Aru, Lidder valley, Kashmir

Nella jeep collettiva c'erano solo accompagnatori di cavalli per turisti. 
Estraggo dalla tasca il  nome di una persona che potrebbe ospitarmi. Chiedo dove abita e mi accompagnano presso una grande casa di legno con il tetto in lamiera. Entro nell'abitazione e in cucina vedo due uomini che stanno fumando. Manzoor Kuche esce dalla stanza e mi abbraccia in modo familiare. Ancora non lo so, ma quest'uomo con i baffetti ed il gilet da pescatore diverra' una delle persone piu' significative del viaggio in Kashmir.
Su consiglio di Manzoor prendo il sentiero che sale verso una delle due valli che si diramano da Aru. In alto, immobili, salgono catene di roccia e neve di 4000 metri. Il percorso passa per una serie di boschi di sempreverde, per poi aprirsi in una moltitudine di pascoli bagnati da ruscelli. Qui sorgono diverse case dei pastori nomadi. Sono strutture di legno e pietra con il tetto piatto ricoperto da arbusti e terra. Se non fosse per il telo impermeabile che copre qualcuna di queste case, sono abitazioni che gli esseri umani costruiscono uguali da millenni. Al vedere un occidentale qualche bambino in tunica lunga esce dall'oscurita' per salutarmi e chiedere qualcosa.
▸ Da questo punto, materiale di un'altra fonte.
lemma homeomorphic_maps_rho_tilde_sheets:
  assumes "locally_compact_space Y" and Hausdorff: "Hausdorff_space Y" and "Hausdorff_space X"
    and \<rho>: "continuous_map Y X \<rho>"
  shows "homeomorphic_maps
      (subtopology (A_top Y X \<rho> m) {\<mu> \<in> A_set Y X \<rho> m. \<forall>i\<le>m. supp Y \<mu> \<inter> V i \<noteq> {}})
      (subtopology X (\<Inter>i\<le>m. \<rho> ` V i)) (rho_tilde Y X \<rho>) (\<lambda>x. dirac_avg Y m (\<lambda>i\<in>{..m}. g i x))"
proof -
  have "continuous_map (subtopology X (\<Inter>i\<le>m. \<rho> ` V i)) (A_top Y X \<rho> m) (\<lambda>x. dirac_avg Y m (\<lambda>i\<in>{..m}. g i x))"
    using continuous_map_compose[OF continuous_map_sheet_section
        continuous_map_dirac_avg[OF Hausdorff continuous_map_image_subset_topspace[OF \<rho>]]]
    by (simp add: o_def)
  moreover have "continuous_map (A_top Y X \<rho> m) X (rho_tilde Y X \<rho>)"
    using assms by (rule continuous_map_rho_tilde)
  ultimately show ?thesis
    unfolding homeomorphic_maps_def
    using dirac_avg_sheet_section[OF assms(2-4)] dirac_avg_sheet_section_rho_tilde[OF assms(2-4)]
      sheets_image_subset_topspace[OF \<rho>]
    by (auto simp: continuous_map_in_subtopology Int_absorb1 intro: continuous_map_from_subtopology)
qed

end

lemma local_homeo_rho_tilde:
  assumes "locally_compact_space Y" and Hausdorff: "Hausdorff_space Y" and "Hausdorff_space X"
    and \<rho>: "local_homeo Y X \<rho>"
  shows "local_homeo (A_top Y X \<rho> m) X (rho_tilde Y X \<rho>)"
  unfolding local_homeo_def
proof (intro conjI ballI)
  have \<rho>_cont: "continuous_map Y X \<rho>"
    using \<rho> by (rule local_homeo_imp_continuous_map)
  then have \<rho>_maps: "\<rho> ` topspace Y \<subseteq> topspace X"
    by (rule continuous_map_image_subset_topspace)
  show "rho_tilde Y X \<rho> ` topspace (A_top Y X \<rho> m) \<subseteq> topspace X"
    using continuous_map_rho_tilde[OF assms(1-3) \<rho>_cont] by (rule continuous_map_image_subset_topspace)
  fix \<mu>\<^sub>0 assume "\<mu>\<^sub>0 \<in> topspace (A_top Y X \<rho> m)"
  then obtain t\<^sub>0 where t\<^sub>0: "t\<^sub>0 \<in> topspace (conf_top Y \<rho> m)" "\<mu>\<^sub>0 = dirac_avg Y m t\<^sub>0"
    using A_set_eq_dirac_avg_image[OF Hausdorff \<rho>_maps] by auto
  then have t\<^sub>0_inj: "inj_on t\<^sub>0 {..m}" and t\<^sub>0_top: "t\<^sub>0 ` {..m} \<subseteq> topspace Y"
    unfolding in_topspace_conf_top by blast+
  obtain V g where V: "\<And>i. i \<in> {..m} \<Longrightarrow> openin Y (V i) \<and> t\<^sub>0 i \<in> V i \<and> openin X (\<rho> ` V i) \<and>
      homeomorphic_maps (subtopology Y (V i)) (subtopology X (\<rho> ` V i)) \<rho> (g i)"
    and disjoint: "disjoint_family_on V {..m}"
    using local_homeo_disjoint_sheets[OF \<rho> Hausdorff finite_atMost t\<^sub>0_inj t\<^sub>0_top] by blast
  let ?W = "{\<mu> \<in> A_set Y X \<rho> m. \<forall>i\<le>m. supp Y \<mu> \<inter> V i \<noteq> {}}"
  let ?O = "\<Inter>i\<le>m. \<rho> ` V i"
  have "homeomorphic_maps (subtopology (A_top Y X \<rho> m) ?W) (subtopology X ?O)
      (rho_tilde Y X \<rho>) (\<lambda>x. dirac_avg Y m (\<lambda>i\<in>{..m}. g i x))"
    using V disjoint by (intro homeomorphic_maps_rho_tilde_sheets assms \<rho>_cont) auto
  then have hom: "homeomorphic_map (subtopology (A_top Y X \<rho> m) ?W) (subtopology X ?O) (rho_tilde Y X \<rho>)"
    by (rule homeomorphic_maps_imp_map)
  have "?W \<subseteq> topspace (A_top Y X \<rho> m)" "?O \<subseteq> topspace X"
    using V openin_subset by fastforce+
  then have image: "rho_tilde Y X \<rho> ` ?W = ?O"
    using homeomorphic_imp_surjective_map[OF hom] by (simp add: Int_absorb1)
  have "openin (A_top Y X \<rho> m) ?W"
    using V by (intro openin_A_top_supp_meets_all[OF Hausdorff \<rho>_maps assms(1)]) auto
  moreover have "\<mu>\<^sub>0 \<in> ?W"
    using t\<^sub>0 V A_set_eq_dirac_avg_image[OF Hausdorff \<rho>_maps] by (auto simp: supp_dirac_avg_conf_top[OF Hausdorff])
  moreover have "openin X ?O"
    using V by (intro openin_INT2) auto
  ultimately show "\<exists>U. openin (A_top Y X \<rho> m) U \<and> \<mu>\<^sub>0 \<in> U \<and> openin X (rho_tilde Y X \<rho> ` U) \<and>
      homeomorphic_map (subtopology (A_top Y X \<rho> m) U) (subtopology X (rho_tilde Y X \<rho> ` U)) (rho_tilde Y X \<rho>)"
    using hom by (intro exI[of _ ?W]) (simp add: image)
qed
Seguo a caso i sentieri piu' battuti, per decidere infine la meta: un passo verdeggiante.
Come ad Aru, 2350 m, qui l'aria ed il cielo sono limpidi, lontani dallo smog della perigliosa Srinagar.
Dopo aver passato altri insediamenti di nomadi comincio a risalire la piccola valle che conduce al passo dal nome sconosciuto. Pietre ed erba bassa costellano il sentiero. Impiego molto di piu' del previsto, ma, finalmente, raggiungo la meta. 3250 metri. Dal passo domino parte della valle del fiume Lidder, le cui acque bianche provengono dala catena montuosa del Kolahoi. Con l'andare della giornata le nuvole si addensano attorno alle cime piu' alte, nascondendole.

giovedì 30 giugno 2016

Srinagar vista da dentro

E' difficile vedere Srinagar da questo locale. E' possibile ascoltarla, annusarla, anche se il curry della cucina confonde i sensi. Usero' gli occhi del cuoco Aziz per osservare.
Il ristorante di Aziz di giorno pare chiuso, oscurato dal totalitarismo del ramadan: spingo una porta ed una zaffata di gas e odori pungenti mi investono. Una stanza di diciotto metri quadri, un tavolo perennemente unto, due sgabelli, zanzariere quasi completamente otturate da polvere, grasso e sporcizia, finestre coperte da tessuti scuri. Sopra un mobile in cemento e piastrelle sono inseriti il lavandino, alcune mensole ed un frigo. Cosa contiene il frigo? Alimenti deperibili e... la cassa dei soldi.

Sopra il lavandino e' situato uno scaldabagno elettrico misteriosamente avvolto da un antico cellophane trasparente. Ancora piu' a destra sono situati i fuochi del gas e pentole fumanti di alluminio annerite alla loro base. Aziz mi volta le spalle mentre cucina la mia mezza porzione di curry di pollo. Prezzo concordato in anticipo: 130 rupie. Il cuoco lavora svelto indossando un grembiule da cucina.
Sopra le piastrelle una volta gialle si agita una ventola di aspirazione. I muri del ristorante sono vecchi, scrostati e unti.
Aziz  mi serve su un piatto d'acciaio del riso bollito di qualita' ed un buon curry. Su due ciotole di metallo sono adagiate verdure fresche e cetrioli grattugiati nello yogurt.
Nel locale in apparente penitenza entra lo strombazzare continuo e compulsivo del traffico di Dalgate ed il vociare degli ambulanti. Dentro, con il sudore che scende verso il basso sotto forma di goccioline, ascolto musiche kashmire da una radiolina.
Aziz mi descrive con orgoglio la sua moschea Jama. Parla male del governo nazionale e locale, dei militari (indiani, non kashmiri) massicciamente presenti con armi pesanti in pugno in ogni angolo della citta'. Dice che la situazione non puo' che peggiorare. Probabilmente ha ragione riguardo l'ultima affermazione.
Sono l'unica persona seduta a mangiare nel piccolo locale di Aziz, anche se ogni tanto entra un uomo a spiluccare qualcosa o a fumare una sigaretta proibita.